lemma outer_pair_pos:
  assumes "0 < p" "1 < c" "p * c < 1"
  shows "0 < interaction p c + interaction p (-c)"
proof -
  have "p * 1 < p * c" using assms by (intro mult_strict_left_mono)
  then have "p < c" using assms by linarith
  moreover have "0 < 1 + p * c" using assms by (simp add: add_pos_pos)
  ultimately have neg: "gap p c < 0" unfolding gap_def by (simp add: mult_pos_neg)
  have pos: "0 < gap p (-c)" using assms unfolding gap_def by simp
  have "gap p (-c) + gap p c = - 2 * p * (c * c - 1)" by (simp add: gap_def algebra_simps)
  moreover have "1 < c * c" using mult_strict_mono[of 1 c 1 c] assms by simp
  then have "0 < 2 * p * (c * c - 1)" using assms by simp
  ultimately have "gap p (-c) < - gap p c" by linarith
  then have "(gap p (-c))^2 < (- gap p c)^2" using pos by (intro power_strict_mono) auto
  then have "(gap p (-c))^2 < (gap p c)^2" by simp
  then have "(1 + c^2)^2 / (8 * (gap p c)^2) < (1 + c^2)^2 / (8 * (gap p (-c))^2)"
    using pos neg add_pos_nonneg[of 1 "c^2"] by (intro divide_strict_left_mono) auto
  then show ?thesis using interaction_gap_neg[OF neg] interaction_gap_pos[OF pos] by simp
qed

lemma sum_odd_interval_pairs:
  fixes g :: "nat \<Rightarrow> 'a::comm_monoid_add"
  assumes "i \<noteq> 1"
  shows "(\<Sum>j\<in>{1..2*N+1} - {i}. g j) = g 1 + (\<Sum>k\<in>{1..N}. \<Sum>j\<in>{2*k, 2*k+1} - {i}. g j)"
proof (induction N)
  case 0
  then show ?case using assms by simp
next
  case (Suc N)
  have split: "{1..2 * Suc N + 1} - {i} = ({1..2*N+1} - {i}) \<union> ({2 * Suc N, 2 * Suc N + 1} - {i})"
    by auto
  have "(\<Sum>j\<in>{1..2 * Suc N + 1} - {i}. g j)
      = (\<Sum>j\<in>{1..2*N+1} - {i}. g j) + (\<Sum>j\<in>{2 * Suc N, 2 * Suc N + 1} - {i}. g j)"
    unfolding split by (rule sum.union_disjoint) auto
  then show ?case using Suc by (simp add: add.assoc)
qed

locale symmetric_collinear_equilibrium =
  fixes N :: nat and m x :: "nat \<Rightarrow> real"
  assumes N_pos: "1 \<le> N"
    and m_center_pos: "0 < m 1"
    and m_inner: "m 2 = 1"
    and m_pair: "\<And>k. 1 \<le> k \<Longrightarrow> k \<le> N \<Longrightarrow> 0 < m (2*k) \<and> m (2*k+1) = m (2*k)"
    and x_center: "x 1 = 0"
    and x_pair: "\<And>k. 1 \<le> k \<Longrightarrow> k \<le> N \<Longrightarrow> x (2*k+1) = - x (2*k)"
    and x_inner_pos: "0 < x 2"
    and x_step: "\<And>k. 1 \<le> k \<Longrightarrow> k < N \<Longrightarrow> x (2*k) < x (2*k+2)"
    and equations: "\<And>i. i \<in> {1..2*N+1} \<Longrightarrow>
      rel_eq_lhs (x i) = (\<Sum>j\<in>{1..2*N+1} - {i}. m j * interaction (x i) (x j))"
begin

lemma x_less: "1 \<le> k \<Longrightarrow> k < l \<Longrightarrow> l \<le> N \<Longrightarrow> x (2*k) < x (2*l)"
proof (induction l)
  case (Suc l)
  then have "x (2*l) < x (2*Suc l)" using x_step[of l] by simp
  then show ?case using Suc by (cases "k = l") auto
qed simp

lemma x_le: "1 \<le> k \<Longrightarrow> k \<le> l \<Longrightarrow> l \<le> N \<Longrightarrow> x (2*k) \<le> x (2*l)"
  using x_less[of k l] by (cases "k = l") auto

lemma x_pos: "1 \<le> k \<Longrightarrow> k \<le> N \<Longrightarrow> 0 < x (2*k)"
  using x_le[of 1 k] x_inner_pos by simp

definition pair_force :: "nat \<Rightarrow> nat \<Rightarrow> real" where
  "pair_force i k = (\<Sum>j\<in>{2*k, 2*k+1} - {i}. m j * interaction (x i) (x j))"

lemma pair_force_partner:
  "1 \<le> k \<Longrightarrow> k \<le> N \<Longrightarrow> pair_force (2*k) k = m (2*k) * interaction (x (2*k)) (- x (2*k))"
  using m_pair[of k] x_pair[of k] by (simp add: pair_force_def)

lemma pair_force_other:
  assumes "1 \<le> k" "k \<le> N" "k \<noteq> i"
  shows "pair_force (2*i) k
    = m (2*k) * (interaction (x (2*i)) (x (2*k)) + interaction (x (2*i)) (- x (2*k)))"
proof -
  have "{2*k, 2*k+1} - {2*i} = {2*k, 2*k+1}" using assms(3) by auto
  then show ?thesis using assms m_pair[of k] x_pair[of k]
    by (simp add: pair_force_def algebra_simps)
qed

lemma no_dominant_pair_force:
  assumes i: "1 \<le> i" "i \<le> N"
    and nonneg: "\<And>k. 1 \<le> k \<Longrightarrow> k \<le> N \<Longrightarrow> 0 \<le> pair_force (2*i) k"
    and k0: "1 \<le> k0" "k0 \<le> N" and dominant: "rel_eq_lhs (x (2*i)) < pair_force (2*i) k0"
  shows False
proof -
  have "rel_eq_lhs (x (2*i)) = m 1 * interaction (x (2*i)) 0 + (\<Sum>k\<in>{1..N}. pair_force (2*i) k)"
    using equations[of "2*i"] i x_center
      sum_odd_interval_pairs[where i = "2*i" and g = "\<lambda>j. m j * interaction (x (2*i)) (x j)"]
    by (simp add: pair_force_def)
  moreover have "0 < m 1 * interaction (x (2*i)) 0"
    using m_center_pos x_pos[OF i] by (simp add: interaction_pos gap_def)
  moreover have "pair_force (2*i) k0 \<le> (\<Sum>k\<in>{1..N}. pair_force (2*i) k)"
    using k0 nonneg by (intro member_le_sum) auto
  ultimately show False using dominant by linarith
qed

lemma outermost_outside_unit_circle: "1 \<le> x (2*N)"
proof (rule ccontr)
  assume "\<not> 1 \<le> x (2*N)"
  then have b: "0 < x (2*N)" "x (2*N) < 1" using x_pos[of N] N_pos by auto
  show False
  proof (rule no_dominant_pair_force[of N 1])
    fix k assume k: "1 \<le> k" "k \<le> N"
    show "0 \<le> pair_force (2*N) k"
    proof (cases "k = N")
      case True
      then show ?thesis
        using pair_force_partner[OF k] m_pair[OF k] interaction_antipodal_pos[OF b] by simp
    next
      case False
      then have "0 < x (2*k)" "x (2*k) < x (2*N)" using k x_pos x_less by auto
      then have "0 < interaction (x (2*N)) (x (2*k)) + interaction (x (2*N)) (- x (2*k))"
        using inner_pair_pos b by blast
      then show ?thesis using pair_force_other[OF k False] m_pair[OF k] by simp
    qed
  next
    show "rel_eq_lhs (x (2*N)) < pair_force (2*N) 1"
    proof (cases "N = 1")
      case True
      then show ?thesis
        using pair_force_partner[of 1] m_inner rel_eq_lhs_lt_antipodal[OF b] by simp
    next
      case False
      then have "0 < x 2" "x 2 < x (2*N)" using x_inner_pos x_less[of 1 N] N_pos by auto
      then show ?thesis
        using pair_force_other[of 1 N] False N_pos m_inner rel_eq_lhs_lt_inner_pair b by simp
    qed
  qed (use N_pos in auto)
qed

lemma outermost_beyond_inverse_of_inner:
  assumes "x 2 < 1" "1 < x 4"
  shows "1 \<le> x 2 * x (2*N)"
proof (rule ccontr)
  assume "\<not> 1 \<le> x 2 * x (2*N)"
  then have outer: "x 2 * x (2*N) < 1" by simp
  have a: "0 < x 2" "x 2 < 1" using x_inner_pos assms(1) by auto
  show False
  proof (rule no_dominant_pair_force[of 1 1])
    fix k assume k: "1 \<le> k" "k \<le> N"
    show "0 \<le> pair_force (2*1) k"
    proof (cases "k = 1")
      case True
      then show ?thesis using pair_force_partner[of 1] N_pos m_inner interaction_antipodal_pos[OF a]
        by simp
    next
      case False
      have "x 2 * x (2*k) \<le> x 2 * x (2*N)"
        using x_le[of k N] k a by (intro mult_left_mono) auto
      then have "x 2 * x (2*k) < 1" using outer by linarith
      moreover have "1 < x (2*k)" using x_le[of 2 k] k False assms(2) by simp
      ultimately have "0 < interaction (x 2) (x (2*k)) + interaction (x 2) (- x (2*k))"
        using outer_pair_pos a by blast
      then show ?thesis using pair_force_other[OF k False] m_pair[OF k] by simp
    qed
  next
    show "rel_eq_lhs (x (2*1)) < pair_force (2*1) 1"
      using pair_force_partner[of 1] N_pos m_inner rel_eq_lhs_lt_antipodal[OF a] by simp
  qed (use N_pos in auto)
qed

### Exercise objective
Using the material above, transcribe exactly the lines from the line with "< l \<Longrightarrow>" to the line with "using m_center_pos x_pos[OF"; both count, and nothing else goes in.

### Task result
lemma x_less: "1 \<le> k \<Longrightarrow> k < l \<Longrightarrow> l \<le> N \<Longrightarrow> x (2*k) < x (2*l)"
proof (induction l)
  case (Suc l)
  then have "x (2*l) < x (2*Suc l)" using x_step[of l] by simp
  then show ?case using Suc by (cases "k = l") auto
qed simp

lemma x_le: "1 \<le> k \<Longrightarrow> k \<le> l \<Longrightarrow> l \<le> N \<Longrightarrow> x (2*k) \<le> x (2*l)"
  using x_less[of k l] by (cases "k = l") auto

lemma x_pos: "1 \<le> k \<Longrightarrow> k \<le> N \<Longrightarrow> 0 < x (2*k)"
  using x_le[of 1 k] x_inner_pos by simp

definition pair_force :: "nat \<Rightarrow> nat \<Rightarrow> real" where
  "pair_force i k = (\<Sum>j\<in>{2*k, 2*k+1} - {i}. m j * interaction (x i) (x j))"

lemma pair_force_partner:
  "1 \<le> k \<Longrightarrow> k \<le> N \<Longrightarrow> pair_force (2*k) k = m (2*k) * interaction (x (2*k)) (- x (2*k))"
  using m_pair[of k] x_pair[of k] by (simp add: pair_force_def)

lemma pair_force_other:
  assumes "1 \<le> k" "k \<le> N" "k \<noteq> i"
  shows "pair_force (2*i) k
    = m (2*k) * (interaction (x (2*i)) (x (2*k)) + interaction (x (2*i)) (- x (2*k)))"
proof -
  have "{2*k, 2*k+1} - {2*i} = {2*k, 2*k+1}" using assms(3) by auto
  then show ?thesis using assms m_pair[of k] x_pair[of k]
    by (simp add: pair_force_def algebra_simps)
qed

lemma no_dominant_pair_force:
  assumes i: "1 \<le> i" "i \<le> N"
    and nonneg: "\<And>k. 1 \<le> k \<Longrightarrow> k \<le> N \<Longrightarrow> 0 \<le> pair_force (2*i) k"
    and k0: "1 \<le> k0" "k0 \<le> N" and dominant: "rel_eq_lhs (x (2*i)) < pair_force (2*i) k0"
  shows False
proof -
  have "rel_eq_lhs (x (2*i)) = m 1 * interaction (x (2*i)) 0 + (\<Sum>k\<in>{1..N}. pair_force (2*i) k)"
    using equations[of "2*i"] i x_center
      sum_odd_interval_pairs[where i = "2*i" and g = "\<lambda>j. m j * interaction (x (2*i)) (x j)"]
    by (simp add: pair_force_def)
  moreover have "0 < m 1 * interaction (x (2*i)) 0"
    using m_center_pos x_pos[OF i] by (simp add: interaction_pos gap_def)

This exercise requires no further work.